** The input follows **
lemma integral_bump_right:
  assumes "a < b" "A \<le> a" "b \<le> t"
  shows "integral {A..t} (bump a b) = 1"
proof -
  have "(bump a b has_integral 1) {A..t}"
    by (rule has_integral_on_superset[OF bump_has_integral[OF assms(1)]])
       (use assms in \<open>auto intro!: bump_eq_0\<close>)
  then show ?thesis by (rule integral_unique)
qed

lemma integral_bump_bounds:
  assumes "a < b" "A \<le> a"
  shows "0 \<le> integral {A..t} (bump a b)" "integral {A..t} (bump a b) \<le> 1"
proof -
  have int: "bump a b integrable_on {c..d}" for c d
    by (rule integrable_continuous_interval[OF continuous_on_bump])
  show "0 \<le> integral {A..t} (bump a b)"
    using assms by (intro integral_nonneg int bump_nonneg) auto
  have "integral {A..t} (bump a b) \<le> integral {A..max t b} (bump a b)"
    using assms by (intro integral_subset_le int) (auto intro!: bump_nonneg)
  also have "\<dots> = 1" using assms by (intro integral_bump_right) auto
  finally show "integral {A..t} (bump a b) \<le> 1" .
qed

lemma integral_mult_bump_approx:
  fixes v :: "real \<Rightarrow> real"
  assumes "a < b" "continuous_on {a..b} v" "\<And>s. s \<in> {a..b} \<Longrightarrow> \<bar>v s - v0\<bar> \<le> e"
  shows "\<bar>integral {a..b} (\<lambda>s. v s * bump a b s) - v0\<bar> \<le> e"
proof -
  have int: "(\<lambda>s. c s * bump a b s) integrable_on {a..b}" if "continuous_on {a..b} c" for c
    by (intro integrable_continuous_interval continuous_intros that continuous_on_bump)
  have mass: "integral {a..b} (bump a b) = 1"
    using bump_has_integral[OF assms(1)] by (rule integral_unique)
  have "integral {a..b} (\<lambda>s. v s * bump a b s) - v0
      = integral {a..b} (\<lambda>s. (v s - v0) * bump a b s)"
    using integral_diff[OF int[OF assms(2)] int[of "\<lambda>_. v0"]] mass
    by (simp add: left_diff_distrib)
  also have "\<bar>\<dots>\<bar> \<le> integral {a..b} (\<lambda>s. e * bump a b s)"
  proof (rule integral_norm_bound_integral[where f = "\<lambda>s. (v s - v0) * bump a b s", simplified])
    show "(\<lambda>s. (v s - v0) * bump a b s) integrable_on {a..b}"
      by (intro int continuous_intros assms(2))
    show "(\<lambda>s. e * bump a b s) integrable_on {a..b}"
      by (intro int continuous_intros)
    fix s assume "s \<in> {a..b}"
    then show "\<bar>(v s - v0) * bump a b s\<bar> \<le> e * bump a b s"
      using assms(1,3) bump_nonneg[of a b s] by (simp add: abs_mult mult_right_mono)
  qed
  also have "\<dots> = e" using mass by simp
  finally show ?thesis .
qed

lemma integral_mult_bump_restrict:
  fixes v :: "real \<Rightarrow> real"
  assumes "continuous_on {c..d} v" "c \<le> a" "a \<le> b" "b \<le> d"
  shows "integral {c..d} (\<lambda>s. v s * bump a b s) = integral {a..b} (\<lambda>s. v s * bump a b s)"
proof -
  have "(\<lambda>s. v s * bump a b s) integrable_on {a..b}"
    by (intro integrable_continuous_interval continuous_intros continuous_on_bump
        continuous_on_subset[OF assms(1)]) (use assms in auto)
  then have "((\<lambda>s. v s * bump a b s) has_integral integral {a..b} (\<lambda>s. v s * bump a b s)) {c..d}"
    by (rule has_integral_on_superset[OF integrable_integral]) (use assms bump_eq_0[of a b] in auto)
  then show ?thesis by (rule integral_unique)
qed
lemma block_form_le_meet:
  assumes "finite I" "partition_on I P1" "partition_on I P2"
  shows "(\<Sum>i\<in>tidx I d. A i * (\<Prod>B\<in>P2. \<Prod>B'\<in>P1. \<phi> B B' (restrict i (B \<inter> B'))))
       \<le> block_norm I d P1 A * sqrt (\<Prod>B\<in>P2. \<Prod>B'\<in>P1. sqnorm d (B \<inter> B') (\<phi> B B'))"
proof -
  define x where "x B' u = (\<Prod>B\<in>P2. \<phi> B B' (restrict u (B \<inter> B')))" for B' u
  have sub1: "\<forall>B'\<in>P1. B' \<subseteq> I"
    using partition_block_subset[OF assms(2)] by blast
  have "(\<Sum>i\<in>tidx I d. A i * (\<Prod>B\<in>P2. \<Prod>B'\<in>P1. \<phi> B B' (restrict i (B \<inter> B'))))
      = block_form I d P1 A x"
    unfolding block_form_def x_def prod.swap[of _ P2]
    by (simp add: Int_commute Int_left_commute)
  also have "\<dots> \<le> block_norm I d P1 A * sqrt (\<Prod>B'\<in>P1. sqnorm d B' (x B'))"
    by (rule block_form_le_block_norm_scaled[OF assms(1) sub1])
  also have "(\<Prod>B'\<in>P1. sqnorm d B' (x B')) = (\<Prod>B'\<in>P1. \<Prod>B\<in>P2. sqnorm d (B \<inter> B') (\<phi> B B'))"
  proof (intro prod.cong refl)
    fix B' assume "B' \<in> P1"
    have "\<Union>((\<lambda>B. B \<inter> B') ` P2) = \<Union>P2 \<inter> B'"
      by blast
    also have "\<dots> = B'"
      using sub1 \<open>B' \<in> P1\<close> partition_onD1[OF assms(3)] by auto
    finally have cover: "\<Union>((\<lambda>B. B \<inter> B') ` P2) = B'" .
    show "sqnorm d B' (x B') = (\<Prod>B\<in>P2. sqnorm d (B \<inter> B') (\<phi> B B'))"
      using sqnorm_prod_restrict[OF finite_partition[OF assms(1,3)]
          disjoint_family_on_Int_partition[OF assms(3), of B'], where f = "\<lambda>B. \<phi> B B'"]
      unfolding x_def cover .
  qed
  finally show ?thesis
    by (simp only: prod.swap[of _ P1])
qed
** End of The input **
Task item:
The answer must be every line of the data that contains the word "dots".

Reply to the exercise:
  also have "\<dots> = 1" using assms by (intro integral_bump_right) auto
  also have "\<bar>\<dots>\<bar> \<le> integral {a..b} (\<lambda>s. e * bump a b s)"
  also have "\<dots> = e" using mass by simp
  also have "\<dots> \<le> block_norm I d P1 A * sqrt (\<Prod>B'\<in>P1. sqnorm d B' (x B'))"
    also have "\<dots> = B'"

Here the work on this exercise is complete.